I have had 'odd' fevers since before September '07. At least that is what I called them. I am now convinced that most of them were no more than chills with regard to how I am feeling now. I used to just write them off as 'fighting off a cold' or something. By the time I woke up the next day I felt fine and thought, 'boy, I sure dodged that one'. It wasn't until November '07 that I learned why I was having these. So, thanks to the big 'C' I am cold, fog-headed and ache all over. Oh well, made me forget about my flank pain for awhile.
It started yesterday morning, about a couple hours after I did my blog. It could have actually started sooner as I was feeling pretty crappy while blogging. I thought I was just depressed about New Years Eve and all - apparently not. I was already in my sweatpants and hooded sweatshirt. Apparently I wasn't my usual 'chatty cathy' self yesterday morning as Ron and I sat in the kitchen to have our coffee-talk. Ron said, 'Let me feel your forehead'. This was followed by, 'You got a fever - you're burning up'. Ya think??? So, I grabbed a pair of his wool socks and my toboggan and proceeded to try to warm up. My head felt all foggy and I knew I better take my temperature with something more accurate than the back of my hubby's hand. There it was - halfway between 100 and 101. No wonder I felt crappy. I sat in my recliner totally zoned out as Ron took down the tree. Within the hour I decided to just go to bed. This was at noon. By 6pm I woke up - less foggy in the head but still quite cold. I only made it until 10pm and went back to bed - only to wake up, wide awake, at 2am. Shannon looked at me as if I was crazy - this from the beagle that probably would have woken me up at 3am just for fun. So - I beat her to the punch. She is laying in a depressed heap on her blanket, glaring at me because I stole her joy this morning. I promised her I would go back to bed by 5am so she can wake me up by 7am.
I have tried Tylenol and just plain moving around the house. Nothing has worked. I have no appetite whatsoever and the only thing that sounds good is my coffee.
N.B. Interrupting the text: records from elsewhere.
theorem theorem1:
  fixes M :: "'a measure"
    and F :: "(real^'p) measure"
    and X :: "nat \<Rightarrow> 'a \<Rightarrow> real^'p"
    and t :: "real^'p"
    and \<alpha> :: real
    and tn :: "nat \<Rightarrow> 'a \<Rightarrow> real^'p"
    and T :: "nat \<Rightarrow> 'a \<Rightarrow> real"
  assumes p2: "CARD('p) \<ge> 2"
    and prob: "prob_space M"
    and indep: "prob_space.indep_vars M (\<lambda>_. borel) X UNIV"
    and distF: "\<And>i. distr M borel (X i) = F"
    and alpha: "\<alpha> \<ge> 0"
    and condI: "(\<integral>\<^sup>+ x. (if x = t then \<infinity> else ennreal (norm (x - t) powr (- 1 / (1 + \<alpha>)))) \<partial>F) < \<infinity>"
    and tn_meas: "\<And>n. tn n \<in> borel_measurable M"
  shows
    "((\<forall>n. T n \<in> borel_measurable M)
       \<and> (AE \<omega> in M. \<forall>n. real n powr \<alpha> * norm (tn n \<omega> - t) \<le> T n \<omega>)
       \<and> (if \<alpha> > 0 then (AE \<omega> in M. convergent (\<lambda>n. T n \<omega>))
          else (AE \<omega> in M. (\<lambda>n. T n \<omega>) \<longlonglongrightarrow> 0))
       \<longrightarrow> (AE \<omega> in M. (\<lambda>n. SSCM_n (\<lambda>i. X i \<omega>) n (tn n \<omega>)) \<longlonglongrightarrow> SSCM F t))
     \<and>
     ((if \<alpha> > 0 then bounded_in_prob M (\<lambda>n \<omega>. real n powr \<alpha> * norm (tn n \<omega> - t))
       else conv_in_prob M (\<lambda>n \<omega>. real n powr \<alpha> * norm (tn n \<omega> - t)) (\<lambda>_. 0))
       \<longrightarrow> conv_in_prob M (\<lambda>n \<omega>. SSCM_n (\<lambda>i. X i \<omega>) n (tn n \<omega>)) (\<lambda>_. SSCM F t))"
proof -
  interpret prob_space M
    by (rule prob)
  have "X 0 \<in> borel_measurable M"
    using indep by (simp add: indep_vars_def)
  then have "{t} \<in> sets F"
    using distr_eqD(2)[OF _ distF] by simp
  \<comment> \<open>Condition (I) enters only through \<open>F {t} = 0\<close>.\<close>
  then have atom: "emeasure F {t} = 0"
    using condI by (rule emeasure_singleton_eq_0_if_nn_integral_finite)
  show ?thesis
    using AE_tendsto_if_rate_condition[where M = M and tn = tn and t = t and T = T, OF alpha]
      conv_in_prob_if_rate_condition[where tn = tn and t = t, OF alpha tn_meas]
      SSCM_n_strongly_consistent[where tn = tn, OF indep distF atom]
      SSCM_n_consistent_in_prob[where tn = tn, OF indep distF atom tn_meas]
    by blast
qed

end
I have no other symptoms today. Yet. Yesterday I thought that perhaps I caught a cold from my Wal-Mart frenzies the week of Christmas. I figured some contagious child sneezed, wiped the diseased snot from his nose with his hand and then touched the pizza pan I bought. Or something like that. Yesterday I 'thought' my throat was beginning to hurt. Feels fine now. No sneezing, no runny nose - nothing. It is more comforting to just think that this never-ending fever is from a cold than to think of my cancer being the root problem. So, sure - let's just call it a cold. Forget that I have foreign yuckies in my body that my immune system wants to get rid of. Forget the fact that I have been down this road at least 2 times a week since this summer - albeit this is the worst I have felt. I am holding steady at just about 100.5 degrees.
I am a big baby. I have no threshold for anything. This whole cancer thing should be interesting. I can notice a fever at around 99 degrees - but this is due in part to the fact that my temperature normally runs around 97.4 degrees. My mom used to baby me something fierce when I would get sick as a kid. So naturally, for the past 18 hours I have wanted my mommy. But, at 37 years old I have to suck it up and just complain on my blog about it. So, this is the highlight of my day. I hope it breaks soon as I have better things to do than to lay in bed all day again. And now my sleep pattern is all thrown off. So - back to bed I go until Shannon wakes me up. She will be pleased.